The gameplay in short is too simple for its own good. So how does the presentation stack up? Also, in short: not great.

There is not much going on in the backgrounds for Wild Gunman. Much like Duck Hunt, this game only uses two backgrounds as set dressing for the three game modes. Game A and B share the same desert setting with lots of bones littering the ground, a couple of suguaro cacti and one of those ubiquitous desert mesas on the horizon. Game C uses a hotel setting to have the targets pop into frame through various doors and windows. Unfortunately, there is not a single railing kill to be had.

The targets themselves show the most charm and variety in the graphics. Each of the OUTLAWs are given a couple of frames of animation for meeting the player in the quick draw field and only one of the targets bothers to turn sideways while walking.

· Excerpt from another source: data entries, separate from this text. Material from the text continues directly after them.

lemma Lambda_vec_collision:
  assumes "\<gamma> \<noteq> 0" "r \<noteq> 0" and e: "norm e = 1" and \<nu>e: "\<nu> \<bullet> e = 0" and "skew U"
  shows "Lambda_vec \<gamma> r e (fst (collision_map \<gamma> r \<nu> (u, U))) (snd (collision_map \<gamma> r \<nu> (u, U)))
    = Amat \<gamma> e \<nu> *v Lambda_vec \<gamma> r e u U"
proof -
  let ?c = "nsb_c \<gamma>" and ?s = "nsb_s \<gamma>"
  define \<sigma> where "\<sigma> = u \<bullet> e"
  define W where "W = U *v e"
  define \<beta> where "\<beta> = \<nu> \<bullet> W"
  have s_div: "?s / \<gamma> = 1 + ?c"
    using \<open>\<gamma> \<noteq> 0\<close> by (simp add: nsb_s_eq)
  have Une: "(U *v \<nu>) \<bullet> e = - \<beta>"
    using skew_inner[OF \<open>skew U\<close>, of \<nu> e] by (simp add: \<beta>_def W_def)
  have L: "Lambda_vec \<gamma> r e u U = \<sigma> *\<^sub>R e + (\<gamma> * r) *\<^sub>R W"
    by (simp add: Lambda_vec_def \<sigma>_def W_def)
  have "e \<bullet> W = 0"
    using skew_inner_self[OF \<open>skew U\<close>] by (simp add: W_def)
  then have eL: "e \<bullet> Lambda_vec \<gamma> r e u U = \<sigma>" and \<nu>L: "\<nu> \<bullet> Lambda_vec \<gamma> r e u U = \<gamma> * r * \<beta>"
    using e \<nu>e by (simp_all add: L inner_add_right dot_square_norm \<beta>_def)
  define u' where "u' = fst (collision_map \<gamma> r \<nu> (u, U))"
  define U' where "U' = snd (collision_map \<gamma> r \<nu> (u, U))"
  have "u' \<bullet> e = ?c * \<sigma> - ?s * \<gamma> * r * \<beta>"
    using \<nu>e by (simp add: u'_def collision_map_def inner_add_left inner_diff_left Une \<sigma>_def)
  moreover have "U' *v e = W - (?s / (\<gamma> * r) * \<sigma> + ?s / \<gamma> * \<beta>) *\<^sub>R \<nu>"
    using \<nu>e by (simp add: U'_def collision_map_def matrix_vector_mult_diff_rdistrib
        matrix_vector_mult_add_rdistrib scaleR_matrix_vector_assoc[symmetric] wedge_mult_vec Une
        W_def \<sigma>_def algebra_simps)
  ultimately have "Lambda_vec \<gamma> r e u' U' = (?c * \<sigma> - ?s * \<gamma> * r * \<beta>) *\<^sub>R e + (\<gamma> * r) *\<^sub>R W
      - (\<gamma> * r * (?s / (\<gamma> * r) * \<sigma> + ?s / \<gamma> * \<beta>)) *\<^sub>R \<nu>"
    by (simp add: Lambda_vec_def scaleR_diff_right)
  also have "\<gamma> * r * (?s / (\<gamma> * r) * \<sigma> + ?s / \<gamma> * \<beta>) = ?s * \<sigma> + (1 + ?c) * (\<gamma> * r * \<beta>)"
    using assms(1,2) s_div by (simp add: field_simps)
  also have "(?c * \<sigma> - ?s * \<gamma> * r * \<beta>) *\<^sub>R e + (\<gamma> * r) *\<^sub>R W - (?s * \<sigma> + (1 + ?c) * (\<gamma> * r * \<beta>)) *\<^sub>R \<nu>
      = Amat \<gamma> e \<nu> *v Lambda_vec \<gamma> r e u U"
    unfolding Amat_mult_vec eL \<nu>L by (simp add: L algebra_simps)
  finally show ?thesis
    by (simp only: u'_def U'_def)
qed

Shooting the OUTLAWs will result in various funny situations such as belt buckles being destroyed, hats being blows off, or getting comically bowled over. It is implied that every target survives their encounter with the player as they declare that the player wins in a thought bubble after they are shot.

The targets gave me a chuckle for two different reasons throughout the review hour for two completely different reasons: their reaction to a foul and their expression to telegraph their shots.

If I were in a showdown and I managed to set up first and saw my opponent slowly shuffle out to meet me on the field of battle I'd try to waste that sucker as soon as I saw his face. Screw honor, I want that bounty money! Wild Gunman is a game, though, so the player has to wait for the OUTLAW to draw first and then the player can shoot.


Pictured: "I'm telling mommy!"
Then something needs to be said about the eyes of the OUTLAWs when they draw. It negates any sympathy I could possibly have for them. They are possessed by demons.


Pictured: "Draw... out your soul!"
Verdict & Score:

Wild Gunman is not a deep or very interesting game. The game is easy enough to understand, sure, but that is not hard when the player can only do one thing. Game A was a literal snoozefest, Game B had something to offer briefly, and Game C picked up the pace of the game but was only a temporary diversion.

The fact that the game modes were almost entirely about speed rather than accuracy hurts their playability. The game is further hampered by the fact that Zappers are boring to emulate and that they don't work on modern televisions. Out of all three Zapper games to come out at launch for the NES this one has the least to offer and feels more like a relic of the past. Fitting, then, that the game's setting is the most aged of the three.

Overall Wild Gunman only earns a 3/10. There is not much game on offer and what there is does not stand up to its competition.

Factoids & Trivia:

So it turns out that I was right. Wild Gunman was that game that Marty McFly played to demonstrate that he was a crack shot, at least with fake guns. The third movie applied Marty's skill to real firearms. There are three interesting factoids about the clip trivia-wise. First, the game shown in the movie clip was an unreleased “VS.” version of the game cabinet. The second is that Marty gets to use the version of the Zapper that Japanese players could optionally get. It was a plastic case modeled after a Single Action Army revolver: the gun of choice for Revolver Ocelot. Third, is that the little kid in the clip is Elijah Wood in his first film role. Already hobbit sized.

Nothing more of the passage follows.